Il giorno seguente trascorse fortunatamente in modo tranquillo. La neve era caduta copiosa e il mio spirito sembrava essere tornato luminoso e pronto ha sapere sempre di più. Ero molto indecisa sul vestito che avrei dovuto indossare per quella sera. Anche se si trattava di una consultazione privata tra Emil, il conte Dracula e la sottoscritta, sapevo bene che avrei dovuto attraversare quella sorta di boudoir che era il salotto del conte, prima di giungere nel suo studio. Si trattava del salotto mondano più stravagante e anticonformista degli ultimi cento anni, questo mi metteva in una certa agitazione e curiosità. Chissà chi vi avrei incontrato e, prima di tutto, chissà se sarei stata all’altezza. Per calmarmi e rendere il mio animo più predisposto ad affrontare i momenti che avrei vissuto e mettere da parte l’ansia mi preparai un bagno caldo con un infuso di artemisia annua e, rischiai di fare tardi all’appuntamento con Emil. Alla fine indossai un abito nero in stile impero, arricchito da una passamaneria con disegni orientali che avevo ricevuto in  dono da una cara amica modista, conosciuta a Parigi anni prima. Mi sentivo molto frivola e infreddolita mentre raggiungevo Emil già a bordo del nostro tassì.

 

Prima di varcare la soglia della sua singolare abitazione giusto qualche considerazione su Hilderic Densmore, meglio noto come sua maestà illustrissima e veneranda il Conte Dracula. Un apparentemente fragile e minuto uomo di mezza età (una mezza età molto avanzata oserei dire…), con due occhi grandi e incavati, e un modo di vestire oltremodo funereo: indossava solo sobri abiti di un nero assoluto, con mantelli drammatici e fuori moda. La sua casa era in pieno centro e, ovviamente essendo lui un architetto geniale e seriamente avant garde, era interamente di sua progettazione.

A dare il benvenuto ai suoi ospiti c’erano statue rappresentanti le divinità più disparate, da una Caer Iboemeith in forma di donna-cigno a un incredibilmente ben conservato Gwyn ap Nuad il dio dell’oltretomba, delle battaglie e dei morti. Inoltre possedeva una preziosa collezione di sarcofaghi etruschi ed egiziani, e una più dozzinale e, per i più discutibile collezione di bare, negli stili più disparati e, alcune, molto antiche.

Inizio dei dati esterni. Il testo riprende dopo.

lemma emp_CE_fun_upd_2:
  assumes D: "\<forall>i<n. D i \<in> arm2_losing_samples" and "r 3 = 0"
  shows "emp_CE n D (r(2 := t)) = emp_CE n D r
     + card {i\<in>{..<n}. D i = (2, 3, False)} / n * (softplus t - softplus (r 2))"
proof -
  define term_of where "term_of = (\<lambda>r i. case D i of (a, a', y) \<Rightarrow>
      of_bool y * ln (sigm (r a - r a')) + (1 - of_bool y) * ln (sigm (r a' - r a)))"
  define \<delta> where "\<delta> = softplus t - softplus (r 2)"
  have "term_of (r(2 := t)) i = term_of r i - (if D i = (2, 3, False) then \<delta> else 0)"
    if "i < n" for i
    using D that \<open>r 3 = 0\<close>
    by (auto simp: arm2_losing_samples_def arm1_samples_def term_of_def \<delta>_def ln_sigm_eq_neg_softplus)
  then have sum_upd: "sum (term_of (r(2 := t))) {..<n} =
      sum (term_of r) {..<n} - card {i\<in>{..<n}. D i = (2, 3, False)} * \<delta>"
    by (simp add: sum_subtractf sum.If_cases Int_def)
  have emp_CE_eq: "emp_CE n D r' = - (1 / n) * sum (term_of r') {..<n}" for r'
    by (simp add: emp_CE_def term_of_def)
  show ?thesis
    unfolding emp_CE_eq sum_upd by (simp add: \<delta>_def divide_inverse algebra_simps)
qed

lemma R0_fun_upd_2: "r \<in> R0 \<Longrightarrow> r(2 := t) \<in> R0"
  by (simp add: R0_def arms_def)

text \<open>Lowering r 2 towards -\<infinity> removes the softplus penalty of every lost (2,3)
  comparison, each of which weighs at least 1/n.\<close>
lemma INF_emp_CE_le:
  assumes D: "\<forall>i<n. D i \<in> arm2_losing_samples"
    and lost: "i\<^sub>0 < n" "D i\<^sub>0 = (2, 3, False)" and r: "r \<in> R0"
  shows "(INF s\<in>R0. emp_CE n D s) \<le> emp_CE n D r - softplus (r 2) / n"
proof -
  define c where "c = real (card {i\<in>{..<n}. D i = (2, 3, False)}) / n"
  have "card {i\<in>{..<n}. D i = (2, 3, False)} > 0"
    using lost by (auto simp: card_gt_0_iff)
  then have c: "1 / n \<le> c" "0 < c"
    using lost unfolding c_def by (simp_all add: divide_right_mono)
  have "(INF s\<in>R0. emp_CE n D s) \<le> emp_CE n D r - c * softplus (r 2)"
  proof (rule field_le_epsilon)
    fix e :: real
    assume "0 < e"
    define t where "t = ln (e / c)"
    have "c * softplus t \<le> e"
      using softplus_le_exp[of t] \<open>0 < e\<close> c by (simp add: t_def field_simps)
    have "(INF s\<in>R0. emp_CE n D s) \<le> emp_CE n D (r(2 := t))"
      by (rule cINF_lower[OF _ R0_fun_upd_2[OF r]]) (auto intro: bdd_belowI2 emp_CE_nonneg)
    also have "\<dots> = emp_CE n D r + c * (softplus t - softplus (r 2))"
      using emp_CE_fun_upd_2[OF D] r by (simp add: R0_def c_def)
    finally show "(INF s\<in>R0. emp_CE n D s) \<le> emp_CE n D r - c * softplus (r 2) + e"
      using \<open>c * softplus t \<le> e\<close> by (simp add: algebra_simps)
  qed
  moreover have "softplus (r 2) / n \<le> c * softplus (r 2)"
    using mult_right_mono[OF c(1) less_imp_le[OF softplus_pos]] by simp
  ultimately show ?thesis
    by simp
qed
(* Let $X,Y$ be Banach spaces and $N$ a positively octahedral absolute normalized norm on $\mathbb R^2$, and let $a,b\ge0$ be such that $N(a,b)=1$ and $N((a,b)+(0,1))=N((a,b)+(1,0))=2$. If $x\in S_X$ and $y\in S_Y$ are super Daugavet points, then $(ax,by)$ is a super Daugavet point of $X\oplus_NY$.
   Context: A norm $N$ on $\mathbb R^2$ is absolute if $N(a,b)=N(|a|,|b|)$ and normalized if $N(1,0)=N(0,1)=1$; it is positively octahedral if there exist $a,b\ge0$ with $N(a,b)=1$ and $N((a,b)+(0,1))=N((a,b)+(1,0))=2$. $X\oplus_NY$ is $X\times Y$ with norm $\|(x,y)\|=N(\|x\|,\|y\|)$. An element $x\in S_X$ is a super Daugavet point if $\sup_{z\in V}\|x-z\|=2$ for every non-empty relatively weakly open subset $V$ of $B_X$. *)

theory Defs
  imports "HOL-Analysis.Analysis"
begin

definition is_norm_R2 :: "(real \<times> real \<Rightarrow> real) \<Rightarrow> bool" where
  "is_norm_R2 N \<longleftrightarrow>
     (\<forall>u. 0 \<le> N u) \<and> (\<forall>u. N u = 0 \<longleftrightarrow> u = (0,0)) \<and>
     (\<forall>c s t. N (c * s, c * t) = \<bar>c\<bar> * N (s, t)) \<and>
     (\<forall>s t s' t'. N (s + s', t + t') \<le> N (s, t) + N (s', t'))"

definition absolute_norm :: "(real \<times> real \<Rightarrow> real) \<Rightarrow> bool" where
  "absolute_norm N \<longleftrightarrow> is_norm_R2 N \<and> (\<forall>s t. N (s, t) = N (\<bar>s\<bar>, \<bar>t\<bar>))"

definition normalized_norm :: "(real \<times> real \<Rightarrow> real) \<Rightarrow> bool" where
  "normalized_norm N \<longleftrightarrow> N (1, 0) = 1 \<and> N (0, 1) = 1"

definition positively_octahedral :: "(real \<times> real \<Rightarrow> real) \<Rightarrow> bool" where
  "positively_octahedral N \<longleftrightarrow>
     (\<exists>a b. 0 \<le> a \<and> 0 \<le> b \<and> N (a, b) = 1 \<and> N (a, b + 1) = 2 \<and> N (a + 1, b) = 2)"

definition oplus_norm :: "(real \<times> real \<Rightarrow> real) \<Rightarrow> ('a::real_normed_vector \<times> 'b::real_normed_vector) \<Rightarrow> real" where
  "oplus_norm N p = N (norm (fst p), norm (snd p))"

definition bounded_functional :: "('v::real_vector \<Rightarrow> real) \<Rightarrow> ('v \<Rightarrow> real) \<Rightarrow> bool" where
  "bounded_functional nrm f \<longleftrightarrow> linear f \<and> (\<exists>C. \<forall>v. \<bar>f v\<bar> \<le> C * nrm v)"

definition weakly_open :: "('v::real_vector \<Rightarrow> real) \<Rightarrow> 'v set \<Rightarrow> bool" where
  "weakly_open nrm U \<longleftrightarrow>
     (\<forall>u\<in>U. \<exists>F \<epsilon>. finite F \<and> (\<forall>f\<in>F. bounded_functional nrm f) \<and> 0 < \<epsilon> \<and>
        {v. \<forall>f\<in>F. \<bar>f v - f u\<bar> < \<epsilon>} \<subseteq> U)"

definition unit_ball :: "('v \<Rightarrow> real) \<Rightarrow> 'v set" where
  "unit_ball nrm = {v. nrm v \<le> 1}"

definition super_daugavet_point :: "('v::real_vector \<Rightarrow> real) \<Rightarrow> 'v \<Rightarrow> bool" where
  "super_daugavet_point nrm x \<longleftrightarrow> nrm x = 1 \<and>
     (\<forall>U. weakly_open nrm U \<and> U \<inter> unit_ball nrm \<noteq> {} \<longrightarrow>
          (SUP z\<in>U \<inter> unit_ball nrm. nrm (x - z)) = 2)"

Non mancavano riproduzioni fedeli e gigantesche di croci celtiche, come la croce di Muiderach e quella delle scritture di Clonmacnoise. Mentre, in enormi vasi di cristallo, conservava la terra dei vari sepolcreti che aveva visitato in giro per il mondo conosciuto. Uno scheletro del tutto ricostruito indicava gentilmente la direzione da seguire per raggiungere il padrone di casa. Il salone in cui era solito intrattenersi con i suoi ospiti era dei più sfarzosi e barocchi, ma nonostante questo pesava un certo gusto oscuro che trasformava il barocco in gotico e il gotico in farsesco. A cominciare dai tendaggi in pesante velluto rosso sangue e i quadri, da lui stesso dipinti, che rappresentavano il macabro sangue del suo sangue, dato che la modella, figurata in varie pose da eroina dell’orrore e dell’assurdo, era sempre la figlia del conte, niente meno che Vittoria Rossa dei Dracula. Quello che a me interessava di più di quel personaggio illogico era la profonda conoscenza storica dei fatti più misteriosi e delle sue capacità divinatorie che, era l’opinione di Emil, sarebbero state utili nel portare a compimento le nostre ricerche e la mia “missione”.

 

Come avevo immaginato il salotto, illuminato da candele nere e bianche (poiché una delle regole più severe della vecchia religione è “non accendere mai una candela nera se non insieme a una bianca”) e profumato dalle erbe preparate dalla baronessa S. (di cui verserò un po’ di inchiostro più avanti). In questa singolare atmosfera si trovava riunita una nutrita schiera di personaggi davanti al cui cospetto non potevo che sentirmi una microscopica, insignificante ragazzina che si era appena svegliata con il capriccio di scrivere mesti raccontini dell’orrore. Avrei voluto mettermi a piangere e scappare via, ma Emil non mi avrebbe mai perdonato.

 

Vittoria Rossa indossava l’abito più bello mai visto e, i suoi occhi azzurri, chiarissimi, brillavano come due pietre preziose sulla carnagione coperta di opaca cipria bianca e sui capelli neri, lunghi e diritti come il velo di seta sul capo di una vedova. Il suo era uno sguardo squilibrato e le sue labbra sembravano trattenersi a stento nel ferire con i denti qualcuno alla sua portata; una vera vampira non avrebbe potuto essere più affascinante. La baronessa S. era un personaggio glorioso almeno per me! Sono cresciuta divorando i suoi romanzi, i feuilleton nel quotidiano della domenica, in cui fragili e tristissime fanciulle erano imprigionate in torreggianti manieri. Storie che erano state le mie compagne di tante notti senza sonno e ora… Ora era lì! Nella stessa stanza in cui il mio muscolo cardiaco rischiava per l’ennesima volta di impazzire. La baronessa indossava seta e pizzo nero, i suoi occhi erano ardenti e curiosi com’è giusto che siano gli occhi di una ricercatrice di mistero.

 

Fortunatamente il conte, senza tanti preamboli, ci condusse nel suo studiolo personale. Una stanza illuminata quanto bastava per non sentirsi completamente immersi nelle tenebre. Alle pareti c’erano graziosi dipinti di gusto bucolico, ben fatti e di grande valore ma difficili trovarli in sintonia con il mondo del conte Dracula. Libri da ogni parte, sul suo tavolo c’era una copia del De Magia Naturali di Giambattista della Porta, se non erro risalente agli ultimi anni del 1500, insieme ad altri libri di magia più o meno luminosa (questo per me fu molto consolante). Ci aggiustammo su una comoda ottomana color mammola, un po’ impolverata e iniziammo a rileggere lo scritto di Omar…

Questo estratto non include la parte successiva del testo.